Tell C++ that pointer data is 16 byte aligned

3.5k views Asked by At

I wrote some code with static arrays and it vectorizes just fine.

float data[1024] __attribute__((aligned(16)));

I would like to make the arrays dynamically allocated. I tried doing something like this:

float *data = (float*) aligned_alloc(16, size*sizeof(float));

But the compiler (GCC 4.9.2), no longer can vectorize the code. I assume this is because it doesn't know the pointer data is 16 byte aligned. I am getting messages like:

note: Unknown alignment for access: *_43

I have tried adding this line before the data is used, but it doesn't seem to do anything:

data = (float*) __builtin_assume_aligned(data, 16);

Using a different variable and restrict did not help:

float* __restrict__ align_data = (float*) __builtin_assume_aligned(data,16);

Example:

#include <iostream>
#include <stdlib.h>
#include <math.h>

#define SIZE 1024
#define DYNAMIC 0
#define A16 __attribute__((aligned(16)))
#define DA16 (float*) aligned_alloc(16, size*sizeof(float))

class Test{
public:
    int size;
#if DYNAMIC
    float *pos;
    float *vel;
    float *alpha;
    float *k_inv;
    float *osc_sin;
    float *osc_cos;
    float *dosc1;
    float *dosc2;
#else
    float pos[SIZE] A16;
    float vel[SIZE] A16;
    float alpha[SIZE] A16;
    float k_inv[SIZE] A16;
    float osc_sin[SIZE] A16;
    float osc_cos[SIZE] A16;
    float dosc1[SIZE] A16;
    float dosc2[SIZE] A16;
#endif
    Test(int arr_size){
        size = arr_size;
#if DYNAMIC
        pos = DA16;
        vel = DA16;
        alpha = DA16;
        k_inv = DA16;
        osc_sin = DA16;
        osc_cos = DA16;
        dosc1 = DA16;
        dosc2 = DA16;
#endif
    }
    void compute(){
        for (int i=0; i<size; i++){
            float lambda = .67891*k_inv[i],
                omega = (.89 - 2*alpha[i]*lambda)*k_inv[i],
                diff2 = pos[i] - omega,
                diff1 = vel[i] - lambda + alpha[i]*diff2;
            pos[i] = osc_sin[i]*diff1 + osc_cos[i]*diff2 + lambda*.008 + omega;
            vel[i] = dosc1[i]*diff1 - dosc2[i]*diff2 + lambda;
        }
    }
};

int main(int argc, char** argv){
    Test t(SIZE);
    t.compute();
    std::cout << t.pos[10] << std::endl;
    std::cout << t.vel[10] << std::endl;
}

Here is how I am compiling:

g++ -o test test.cpp -O3 -march=native -ffast-math -fopt-info-optimized

When DYNAMIC is set to 0, it outputs:

test.cpp:46:4: note: loop vectorized

but when it is set to 1 it outputs nothing.

1

There are 1 answers

7
Ross Ridge On BEST ANSWER

The compiler isn't vectorizing the loop because it can't determine that the dynamically allocated pointers don't alias each other. A simple way to allow your sample code to be vectorized is to pass the --param vect-max-version-for-alias-checks=1000 option. This will allow the compiler to emit all the checks necessary to see if the pointers are actually aliased.

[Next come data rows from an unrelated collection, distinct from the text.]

lemma corr_coeff_rec:
  "corr_coeff (Suc i) (Suc (Suc j)) q = (if q = 0 then 0 else 2 * corr_coeff (Suc i) (Suc j) (q - 1))
     + corr_coeff (Suc (Suc i)) (Suc j) q + corr_coeff i (Suc j) q - corr_coeff (Suc i) j q"
proof (cases "\<exists>k. Suc (Suc j) = Suc i + q + 2 * k")
  case False
  have "corr_coeff (Suc i) (Suc (Suc j)) q = 0" "corr_coeff (Suc (Suc i)) (Suc j) q = 0"
    "corr_coeff i (Suc j) q = 0" "corr_coeff (Suc i) j q = 0"
    "q \<noteq> 0 \<Longrightarrow> corr_coeff (Suc i) (Suc j) (q - 1) = 0"
    by (rule corr_coeff_eq_0, use False in presburger)+
  then show ?thesis
    by simp
next
  case True
  then obtain k where k: "Suc (Suc j) = Suc i + q + 2 * k"
    by blast
  consider "q = 0" "k = 0" | K where "q = 0" "k = Suc K" | Q where "q = Suc Q" "k = 0"
    | Q K where "q = Suc Q" "k = Suc K"
    by (cases q; cases k) auto
  then show ?thesis
  proof cases
    case 1
    then show ?thesis using k by (simp add: corr_coeff_def)
  next
    case (2 K)
    then show ?thesis using k by (cases K) (simp_all add: corr_coeff_def)
  next
    case (3 Q)
    then show ?thesis using k by (simp add: corr_coeff_def corr_weight_pascal algebra_simps)
  next
    case (4 Q K)
    then show ?thesis using k by (simp add: corr_coeff_def corr_weight_rec algebra_simps)
  qed
qed

definition corr_poly :: "nat \<Rightarrow> nat \<Rightarrow> real poly" where
  "corr_poly i j = (\<Sum>q\<le>j. monom (corr_coeff i j q) q)"

lemma coeff_corr_poly: "coeff (corr_poly i j) q = corr_coeff i j q"
  unfolding corr_poly_def by (auto simp: coeff_sum coeff_monom corr_coeff_def)

lemma poly_corr_poly: "poly (corr_poly i j) y = (\<Sum>q\<le>j. corr_coeff i j q * y ^ q)"
  by (simp add: corr_poly_def poly_sum poly_monom)

lemma corr_poly_0_left: "corr_poly 0 j = 0"
  by (rule poly_eqI) (simp add: coeff_corr_poly corr_coeff_def)

lemma poly_corr_poly_0_right: "poly (corr_poly i 0) y = 0"
  by (simp add: poly_corr_poly corr_coeff_def)

lemma poly_corr_poly_1_right: "poly (corr_poly i 1) y = (if i = 1 then 1 / 2 else 0)"
  by (auto simp: poly_corr_poly corr_coeff_def corr_weight_def)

Another simple solution to allow your you example code to be vectorized is to rename main, as suggested by Marc Glisse in his comment. Functions named main apparently have certain optimizations disabled. Named something else, GCC 4.9.2 can track the use of this->foo (and the other pointer members) in compute back to their allocations in Test().

However, I assume something other than your class being used in a function named main prevented your code being vectorized in your real code. A more general solution that allows your code to vectorized without aliasing or alignment checks is to use the restrict keyword and the aligned attribute. Something like this:

typedef float __attribute__((aligned(16))) float_a16;

__attribute__((noinline))
static void _compute(float_a16 * __restrict__ pos,
         float_a16 * __restrict__ vel,
         float_a16 * __restrict__ alpha,
         float_a16 * __restrict__ k_inv,
         float_a16 * __restrict__ osc_sin,
         float_a16 * __restrict__ osc_cos,
         float_a16 * __restrict__ dosc1,
         float_a16 * __restrict__ dosc2,
         int size) {
    for (int i=0; i<size; i++){
        float lambda = .67891*k_inv[i],
            omega = (.89 - 2*alpha[i]*lambda)*k_inv[i],
            diff2 = pos[i] - omega,
            diff1 = vel[i] - lambda + alpha[i]*diff2;
        pos[i] = osc_sin[i]*diff1 + osc_cos[i]*diff2 + lambda*.008 + omega;
        vel[i] = dosc1[i]*diff1 - dosc2[i]*diff2 + lambda;
    }
}

void compute() {
    _compute(pos, vel, alpha, k_inv, osc_sin, osc_cos, dosc1, dosc2,
         size);
}

The noinline attribute is critical, otherwise inlining can cause the pointers to lose their restrictedness and alignedness. The compiler seems to ignore the restrict keyword in contexts other than function parameters.